KFC Unveils Liberal Credit Policy, Venture Debt Scheme for Startups


Thiruvananthapuram: In what could be a relief to new entrepreneurs and startups depending on banks and NBFCs for loans at high rates, the Kerala Financial Corporation (KFC) has unveiled a fresh set of liberal credit policies. Pinarayi Vijayan, Chief Minister, Kerala launched the revamped credit policy of KFC in the State capital on May 9.

At present, lending is based on PLR under which the interest charged is 14 to 16 per cent. Targeting to engage more entrepreneurs, KFC will move towards base rate, which will be 9.5 per cent, starting June 1. Under this scheme, interest will be decided based on the risk rating of the borrowing entrepreneurs. The Corporation will borrow money from bond markets at about 8.9 per cent interest and give it out it as loans at an interest of 9.5 per cent. It also puts KFC under tremendous risk as defaults of repayment can lead to crisis.

The Chief Minister also pointed that strong marketing solutions are needed to draw more entrepreneurs. For the best debt recommendations, KFC will have centralized appraisal systems. For this purpose, appraisal hubs need to be opened in Ernakulam, Kollam and Kozhikode. The lending recommendations by the appraisal body would be reviewed by a committee led by the chairman and MD and the borrower would be informed of the corporation’s decision within seven days. Following that, KFC will implement a system to sanction a loan in just 30 days.

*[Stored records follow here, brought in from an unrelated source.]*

(* Let $n$ be large, $R$ an integer with $1\le R\le\frac{\log n}{24\log\log n}$, $L=6R$ and $\eta=n^{1/(2L)}$. Let $\ell\in\{0,\ldots,L\}$ and $q$ an integer with $q\in\left[\eta^3,\frac{\eta^{2\ell-1}}{2^7}\right]$. Let $\sigma^A$ be any probability distribution with support $S_\ell^A$. If $\mu^A\sim\sigma^A$ and, conditionally on $\mu^A$, $\Theta=(\Theta_1,\ldots,\Theta_q)\sim\mathrm{Ber}(\mu^A)^{\otimes q}$, then $\Pr[\Theta\notin G_\ell^A]\le n^{-10}$.
   Context: For $\ell\in\{0,\ldots,L\}$, $S_\ell^A$ is the set of all numbers $\frac12+2\sum_{k:\,1\le2k+1\le\ell}\eta^{-(2k+1)}+2\sum_{k:\,\ell<2k+1\le L}X_{2k+1}\eta^{-(2k+1)}$ with all $X_{2k+1}\in\{0,1\}$. For $\theta\in\{0,1\}^q$ and $x\in(0,1)$, $p(\theta\mid x)=\prod_{j=1}^qx^{\theta_j}(1-x)^{1-\theta_j}$. $G_\ell^A$ is the set of sequences $\theta$ (of any length) such that for all $x,y\in S_\ell^A$, $\frac{p(\theta\mid x)}{p(\theta\mid y)}\in[e^{-4/\eta},e^{4/\eta}]$. $\mathrm{Ber}(x)$ denotes the Bernoulli distribution with mean $x$. *)

theory Defs
  imports "HOL-Probability.Probability"
begin

text \<open>The set S_l^A (for parameters eta, L, l). Odd indices j = 2k+1.
  The free bits X_j are modelled by a function X :: nat => bool (only the
  values at odd j with l < j <= L matter).\<close>
definition SA :: "real \<Rightarrow> nat \<Rightarrow> nat \<Rightarrow> real set" where
  "SA \<eta> L l = {1/2 + 2 * (\<Sum>j\<in>{j. odd j \<and> 1 \<le> j \<and> j \<le> l}. \<eta> powr (- real j))
      + 2 * (\<Sum>j\<in>{j. odd j \<and> l < j \<and> j \<le> L}. (if X j then 1 else 0) * \<eta> powr (- real j))
      | X :: nat \<Rightarrow> bool. True}"

definition pcond :: "bool list \<Rightarrow> real \<Rightarrow> real" where
  "pcond \<theta> x = prod_list (map (\<lambda>b. if b then x else 1 - x) \<theta>)"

For new enterprises, interest rates will be decided based on the risk rating of the borrower. Only borrowers with the best rating will be granted loans according to the revamped credit policy of KFC. “If these measures are strictly followed, KFC will have a bright future,” said Vijayan.

Currently, the lending portfolio of KFC is Rs. 2500 crore. The Corporation hopes to double the figure in the next three years. It is laudable that KFC is aiming to encourage startups in Kerala. Some of the startups which opened in Kerala have attracted international attention in a very short span of time. In what is expected to be a relief to startup entrepreneurs, KFC plans to release up to Rs. 10 lakh as credit to them at low interest rates and liberal conditions. Under a new Purchase Order Finance Scheme, KFC will further sanction up to Rs 1 crore as credit to startups when they start production on a commercial basis – upon receiving a purchase order.

Also, under the new credit policy, KFC will implement a Venture Debt Scheme for the first time in the state. Startups which have shares of Venture Capital funds will be eligible for the venture debt scheme. Both Purchase Order Finance Scheme and Venture Debt Scheme will be implemented with the State Government’s guarantee.
“The government trusts KFC and I hope that it will be able to work with the customers on the developmental front,” said Vijayan.

Although state financial institutions in south India are performing remarkably, the Central Government’s approach towards them has not been encouraging. The Central Government-owned financial institution Small Industries Development Bank of India (SIDBI), which is supposed to refinance state financial institutions, has completely stopped giving credit to KFC. “There is a clear effort to shut down institutions like KFC. It is important to exert pressurise on the Central government to bring about a change in the situation,” the Chief Minister added.

A major challenge faced by the Corporation is that it cannot give out credit more than Rs. 8 crore. When the borrower’s firm grows, he or she will have to depend on large banking corporations. The credit policy of KFC is based on the State Financial Corporation Act. According to experts, absence of amendment to the law in the last 18 years has adversely affected KFC. “If the law is not amended taking into consideration the real situation, the state financial institutions will not be able to perform competitively,” Vijayan said.

Also, KFC is not authorized to provide credit to fund capital. KFC cannot give credit more than Rs. 8 crore unless it has the status of small-scale bank and the request of KFC to accord the status was rejected by RBI. Besides, the central bank of India has prohibited KFC from accepting public deposits citing its seven per cent Non-Performing Assets (NPA).

According to Thomas Isaac, Finance Minister, Kerala, the State Government aims to reinvent KFC as one of the best financial institutions in the country. “As per the new policies, the target is not to book maximum profit but to help maximum deserving entrepreneurs and businesses,” he said.

Sanjeev Kaushik, Chairman and Managing Director, KFC; K Muraleedharan MLA; Paul Antony IAS, Chief Secretary and Manoj Joshi, Principal Secretary of Finance were also present at the function.